#### Exercise
Provide only the number of lines in the records below that include "False".

#### Information provided
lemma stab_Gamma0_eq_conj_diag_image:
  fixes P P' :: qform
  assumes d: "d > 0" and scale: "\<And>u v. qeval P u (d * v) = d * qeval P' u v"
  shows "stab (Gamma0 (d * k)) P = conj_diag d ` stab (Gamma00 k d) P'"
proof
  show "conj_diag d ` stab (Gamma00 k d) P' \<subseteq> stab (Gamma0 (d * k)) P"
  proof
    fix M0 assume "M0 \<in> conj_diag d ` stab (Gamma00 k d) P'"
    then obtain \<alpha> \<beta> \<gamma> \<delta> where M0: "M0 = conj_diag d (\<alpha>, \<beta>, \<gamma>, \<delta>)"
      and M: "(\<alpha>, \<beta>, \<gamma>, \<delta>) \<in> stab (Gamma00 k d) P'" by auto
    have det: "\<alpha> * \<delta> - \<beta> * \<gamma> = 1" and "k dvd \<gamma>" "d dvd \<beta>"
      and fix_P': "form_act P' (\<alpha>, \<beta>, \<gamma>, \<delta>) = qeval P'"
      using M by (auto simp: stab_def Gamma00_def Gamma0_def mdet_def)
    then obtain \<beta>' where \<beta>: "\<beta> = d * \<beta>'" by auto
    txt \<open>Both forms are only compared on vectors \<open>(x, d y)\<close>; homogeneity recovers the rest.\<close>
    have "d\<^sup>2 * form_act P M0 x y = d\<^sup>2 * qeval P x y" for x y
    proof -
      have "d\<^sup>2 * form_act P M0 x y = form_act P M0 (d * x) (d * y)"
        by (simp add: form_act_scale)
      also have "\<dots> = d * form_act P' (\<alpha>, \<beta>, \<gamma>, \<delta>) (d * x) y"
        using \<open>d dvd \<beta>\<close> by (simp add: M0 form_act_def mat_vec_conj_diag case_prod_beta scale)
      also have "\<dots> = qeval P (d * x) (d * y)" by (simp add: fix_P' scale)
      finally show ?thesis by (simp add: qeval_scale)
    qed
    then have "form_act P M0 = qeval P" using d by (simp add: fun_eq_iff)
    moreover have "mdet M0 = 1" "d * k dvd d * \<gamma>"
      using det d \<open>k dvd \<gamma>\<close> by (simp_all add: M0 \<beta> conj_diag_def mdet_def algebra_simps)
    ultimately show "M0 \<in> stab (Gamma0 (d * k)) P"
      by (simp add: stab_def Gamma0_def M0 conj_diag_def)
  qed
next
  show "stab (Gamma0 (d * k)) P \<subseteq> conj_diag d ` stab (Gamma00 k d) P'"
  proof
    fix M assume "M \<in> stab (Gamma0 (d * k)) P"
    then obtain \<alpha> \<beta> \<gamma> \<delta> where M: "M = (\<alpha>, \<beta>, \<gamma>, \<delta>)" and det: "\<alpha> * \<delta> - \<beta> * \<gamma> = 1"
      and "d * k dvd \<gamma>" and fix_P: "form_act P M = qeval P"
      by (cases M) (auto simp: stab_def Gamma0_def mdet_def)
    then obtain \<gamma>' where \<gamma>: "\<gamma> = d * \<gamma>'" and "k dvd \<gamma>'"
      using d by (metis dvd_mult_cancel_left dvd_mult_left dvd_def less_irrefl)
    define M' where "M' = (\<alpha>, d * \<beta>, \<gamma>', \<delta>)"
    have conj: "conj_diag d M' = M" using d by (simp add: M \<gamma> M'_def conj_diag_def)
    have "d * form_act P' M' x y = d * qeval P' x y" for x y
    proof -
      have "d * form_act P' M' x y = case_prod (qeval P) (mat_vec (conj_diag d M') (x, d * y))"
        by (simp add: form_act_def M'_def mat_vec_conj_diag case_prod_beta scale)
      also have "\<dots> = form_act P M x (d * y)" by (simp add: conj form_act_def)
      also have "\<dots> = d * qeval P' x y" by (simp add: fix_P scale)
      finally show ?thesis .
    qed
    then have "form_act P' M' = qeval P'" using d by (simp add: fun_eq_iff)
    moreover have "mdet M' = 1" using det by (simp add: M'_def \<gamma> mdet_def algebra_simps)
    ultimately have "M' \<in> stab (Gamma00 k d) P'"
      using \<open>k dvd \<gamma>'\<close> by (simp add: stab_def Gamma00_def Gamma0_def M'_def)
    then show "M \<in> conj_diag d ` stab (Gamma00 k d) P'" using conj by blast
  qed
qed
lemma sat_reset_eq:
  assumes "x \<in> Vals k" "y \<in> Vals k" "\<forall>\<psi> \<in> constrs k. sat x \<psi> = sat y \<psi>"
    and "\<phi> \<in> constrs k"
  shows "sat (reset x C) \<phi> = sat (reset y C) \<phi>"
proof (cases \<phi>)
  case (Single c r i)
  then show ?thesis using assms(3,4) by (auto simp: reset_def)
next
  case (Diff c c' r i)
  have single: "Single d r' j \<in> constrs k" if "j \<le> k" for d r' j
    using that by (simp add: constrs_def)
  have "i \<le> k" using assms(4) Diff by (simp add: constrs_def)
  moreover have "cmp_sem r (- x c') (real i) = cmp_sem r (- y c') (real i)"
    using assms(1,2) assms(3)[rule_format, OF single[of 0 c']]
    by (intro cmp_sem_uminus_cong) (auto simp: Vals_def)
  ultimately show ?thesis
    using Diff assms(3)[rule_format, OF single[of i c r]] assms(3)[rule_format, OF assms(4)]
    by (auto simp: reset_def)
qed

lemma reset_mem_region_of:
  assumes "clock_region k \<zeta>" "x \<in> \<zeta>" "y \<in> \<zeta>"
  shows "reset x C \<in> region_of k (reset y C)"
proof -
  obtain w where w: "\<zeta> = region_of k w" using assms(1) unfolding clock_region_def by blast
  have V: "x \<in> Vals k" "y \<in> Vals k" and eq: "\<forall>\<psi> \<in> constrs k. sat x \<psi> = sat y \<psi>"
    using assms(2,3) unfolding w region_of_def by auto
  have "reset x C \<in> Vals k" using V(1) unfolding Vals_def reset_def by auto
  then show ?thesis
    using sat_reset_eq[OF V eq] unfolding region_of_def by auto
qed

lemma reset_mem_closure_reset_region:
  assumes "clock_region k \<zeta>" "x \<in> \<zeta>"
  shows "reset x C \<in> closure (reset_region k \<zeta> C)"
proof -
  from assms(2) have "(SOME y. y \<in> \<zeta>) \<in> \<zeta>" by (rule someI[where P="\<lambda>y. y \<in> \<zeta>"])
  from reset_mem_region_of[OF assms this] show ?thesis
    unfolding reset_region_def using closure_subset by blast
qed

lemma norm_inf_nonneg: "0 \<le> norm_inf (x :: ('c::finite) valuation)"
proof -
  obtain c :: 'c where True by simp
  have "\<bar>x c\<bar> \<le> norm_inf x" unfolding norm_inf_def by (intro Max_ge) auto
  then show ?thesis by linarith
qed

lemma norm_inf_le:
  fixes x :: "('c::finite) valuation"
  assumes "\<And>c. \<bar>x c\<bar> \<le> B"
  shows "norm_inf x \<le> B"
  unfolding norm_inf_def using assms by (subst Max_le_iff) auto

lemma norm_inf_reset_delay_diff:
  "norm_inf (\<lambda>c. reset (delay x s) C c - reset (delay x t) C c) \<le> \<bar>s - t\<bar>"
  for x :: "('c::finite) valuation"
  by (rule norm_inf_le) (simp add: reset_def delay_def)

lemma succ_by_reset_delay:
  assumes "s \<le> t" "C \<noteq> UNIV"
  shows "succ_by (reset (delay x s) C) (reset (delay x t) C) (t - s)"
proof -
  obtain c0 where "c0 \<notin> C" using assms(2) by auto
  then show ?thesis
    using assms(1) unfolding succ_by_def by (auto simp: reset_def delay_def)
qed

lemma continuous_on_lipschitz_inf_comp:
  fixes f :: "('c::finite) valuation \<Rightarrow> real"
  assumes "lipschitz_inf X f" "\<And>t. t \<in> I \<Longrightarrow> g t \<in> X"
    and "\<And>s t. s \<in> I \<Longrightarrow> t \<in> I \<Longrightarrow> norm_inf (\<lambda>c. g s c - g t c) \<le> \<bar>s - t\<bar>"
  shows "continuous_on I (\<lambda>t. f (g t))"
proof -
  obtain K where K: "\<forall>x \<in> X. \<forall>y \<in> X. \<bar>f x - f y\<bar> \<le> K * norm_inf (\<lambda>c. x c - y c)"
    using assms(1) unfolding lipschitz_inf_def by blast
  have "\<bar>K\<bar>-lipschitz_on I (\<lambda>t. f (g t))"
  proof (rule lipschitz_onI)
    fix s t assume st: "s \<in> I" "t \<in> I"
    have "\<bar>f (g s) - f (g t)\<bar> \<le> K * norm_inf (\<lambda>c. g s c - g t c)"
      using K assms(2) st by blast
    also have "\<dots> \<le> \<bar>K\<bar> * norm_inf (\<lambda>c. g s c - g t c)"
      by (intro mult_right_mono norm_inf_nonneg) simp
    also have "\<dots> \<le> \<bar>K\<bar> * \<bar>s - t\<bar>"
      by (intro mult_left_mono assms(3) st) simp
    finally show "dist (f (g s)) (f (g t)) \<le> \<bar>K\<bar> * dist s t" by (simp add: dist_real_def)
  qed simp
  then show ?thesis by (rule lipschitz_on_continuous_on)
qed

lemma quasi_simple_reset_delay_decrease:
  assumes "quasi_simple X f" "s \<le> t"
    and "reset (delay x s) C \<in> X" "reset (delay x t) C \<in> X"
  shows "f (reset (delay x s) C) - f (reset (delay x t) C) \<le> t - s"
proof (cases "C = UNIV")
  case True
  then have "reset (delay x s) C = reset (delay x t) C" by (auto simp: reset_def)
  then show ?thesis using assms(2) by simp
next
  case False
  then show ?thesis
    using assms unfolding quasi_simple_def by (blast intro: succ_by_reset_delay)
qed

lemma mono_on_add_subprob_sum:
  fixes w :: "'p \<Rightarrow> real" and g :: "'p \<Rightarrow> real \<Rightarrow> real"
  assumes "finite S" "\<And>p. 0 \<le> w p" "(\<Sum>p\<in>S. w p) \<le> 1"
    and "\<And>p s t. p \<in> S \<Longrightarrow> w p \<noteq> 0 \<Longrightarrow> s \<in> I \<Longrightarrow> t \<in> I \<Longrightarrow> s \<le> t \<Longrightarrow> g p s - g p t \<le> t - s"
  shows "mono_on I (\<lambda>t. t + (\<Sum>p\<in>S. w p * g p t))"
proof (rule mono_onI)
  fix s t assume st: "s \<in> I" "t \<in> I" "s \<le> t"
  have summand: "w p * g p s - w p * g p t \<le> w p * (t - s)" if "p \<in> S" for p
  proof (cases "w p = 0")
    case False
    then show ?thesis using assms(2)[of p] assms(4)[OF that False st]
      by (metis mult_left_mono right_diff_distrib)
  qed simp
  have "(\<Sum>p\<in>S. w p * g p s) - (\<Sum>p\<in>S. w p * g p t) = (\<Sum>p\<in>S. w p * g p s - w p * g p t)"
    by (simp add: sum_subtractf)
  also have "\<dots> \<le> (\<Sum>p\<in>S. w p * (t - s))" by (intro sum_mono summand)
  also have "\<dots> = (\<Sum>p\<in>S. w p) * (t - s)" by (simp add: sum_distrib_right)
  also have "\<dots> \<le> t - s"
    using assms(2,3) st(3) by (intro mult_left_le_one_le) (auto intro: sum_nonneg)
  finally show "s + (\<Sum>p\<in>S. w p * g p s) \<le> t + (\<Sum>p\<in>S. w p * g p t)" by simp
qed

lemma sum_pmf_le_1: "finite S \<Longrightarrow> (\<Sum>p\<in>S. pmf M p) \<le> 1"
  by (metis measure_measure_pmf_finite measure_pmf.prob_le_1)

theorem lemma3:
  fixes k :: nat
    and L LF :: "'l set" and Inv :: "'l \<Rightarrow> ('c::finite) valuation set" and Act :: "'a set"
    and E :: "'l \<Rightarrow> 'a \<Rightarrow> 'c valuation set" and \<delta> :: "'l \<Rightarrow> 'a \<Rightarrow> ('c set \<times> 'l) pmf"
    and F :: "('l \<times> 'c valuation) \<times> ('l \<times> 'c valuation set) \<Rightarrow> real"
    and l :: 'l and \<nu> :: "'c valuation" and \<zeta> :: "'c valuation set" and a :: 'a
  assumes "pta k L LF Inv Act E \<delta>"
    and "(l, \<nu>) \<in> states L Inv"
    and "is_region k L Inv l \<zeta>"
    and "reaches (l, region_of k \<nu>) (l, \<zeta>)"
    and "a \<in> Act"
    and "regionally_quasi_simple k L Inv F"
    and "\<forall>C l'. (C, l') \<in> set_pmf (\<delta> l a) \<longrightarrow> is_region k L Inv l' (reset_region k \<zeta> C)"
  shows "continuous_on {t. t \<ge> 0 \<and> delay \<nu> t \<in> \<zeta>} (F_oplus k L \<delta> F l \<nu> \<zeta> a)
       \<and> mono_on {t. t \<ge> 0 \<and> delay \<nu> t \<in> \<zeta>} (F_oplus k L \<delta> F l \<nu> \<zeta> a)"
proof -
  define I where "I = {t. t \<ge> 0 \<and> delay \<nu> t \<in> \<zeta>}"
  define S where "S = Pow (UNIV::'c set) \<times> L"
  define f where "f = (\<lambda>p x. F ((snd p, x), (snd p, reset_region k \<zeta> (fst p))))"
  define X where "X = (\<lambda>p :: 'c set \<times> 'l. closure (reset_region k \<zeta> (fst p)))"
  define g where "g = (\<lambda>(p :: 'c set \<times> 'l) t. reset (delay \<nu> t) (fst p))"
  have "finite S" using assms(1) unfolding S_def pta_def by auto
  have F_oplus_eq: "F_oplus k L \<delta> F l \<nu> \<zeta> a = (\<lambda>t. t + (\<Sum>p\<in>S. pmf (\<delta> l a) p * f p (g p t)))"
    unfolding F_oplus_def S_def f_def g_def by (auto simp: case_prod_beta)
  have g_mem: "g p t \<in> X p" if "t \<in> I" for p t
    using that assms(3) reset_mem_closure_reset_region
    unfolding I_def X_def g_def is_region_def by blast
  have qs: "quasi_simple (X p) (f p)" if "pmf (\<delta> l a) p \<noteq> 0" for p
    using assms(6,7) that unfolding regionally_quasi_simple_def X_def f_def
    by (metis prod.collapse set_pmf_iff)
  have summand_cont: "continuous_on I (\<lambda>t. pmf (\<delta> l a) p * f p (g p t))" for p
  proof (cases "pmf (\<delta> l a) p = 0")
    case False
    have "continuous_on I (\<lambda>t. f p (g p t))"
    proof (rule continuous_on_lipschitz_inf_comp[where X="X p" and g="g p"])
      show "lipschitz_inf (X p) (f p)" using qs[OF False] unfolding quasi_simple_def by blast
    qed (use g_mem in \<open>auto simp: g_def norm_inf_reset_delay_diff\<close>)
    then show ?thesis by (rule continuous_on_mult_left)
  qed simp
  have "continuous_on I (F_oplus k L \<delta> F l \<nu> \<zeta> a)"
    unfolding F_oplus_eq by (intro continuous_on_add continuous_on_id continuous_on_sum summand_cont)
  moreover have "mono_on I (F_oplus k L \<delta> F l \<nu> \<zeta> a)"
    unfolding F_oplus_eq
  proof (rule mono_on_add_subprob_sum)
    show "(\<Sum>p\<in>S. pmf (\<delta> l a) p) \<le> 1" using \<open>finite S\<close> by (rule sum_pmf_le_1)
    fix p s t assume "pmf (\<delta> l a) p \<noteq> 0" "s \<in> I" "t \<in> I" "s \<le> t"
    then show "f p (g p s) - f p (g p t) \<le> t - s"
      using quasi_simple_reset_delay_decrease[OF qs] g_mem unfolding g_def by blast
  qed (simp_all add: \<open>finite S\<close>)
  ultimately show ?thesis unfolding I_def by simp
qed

#### Result
5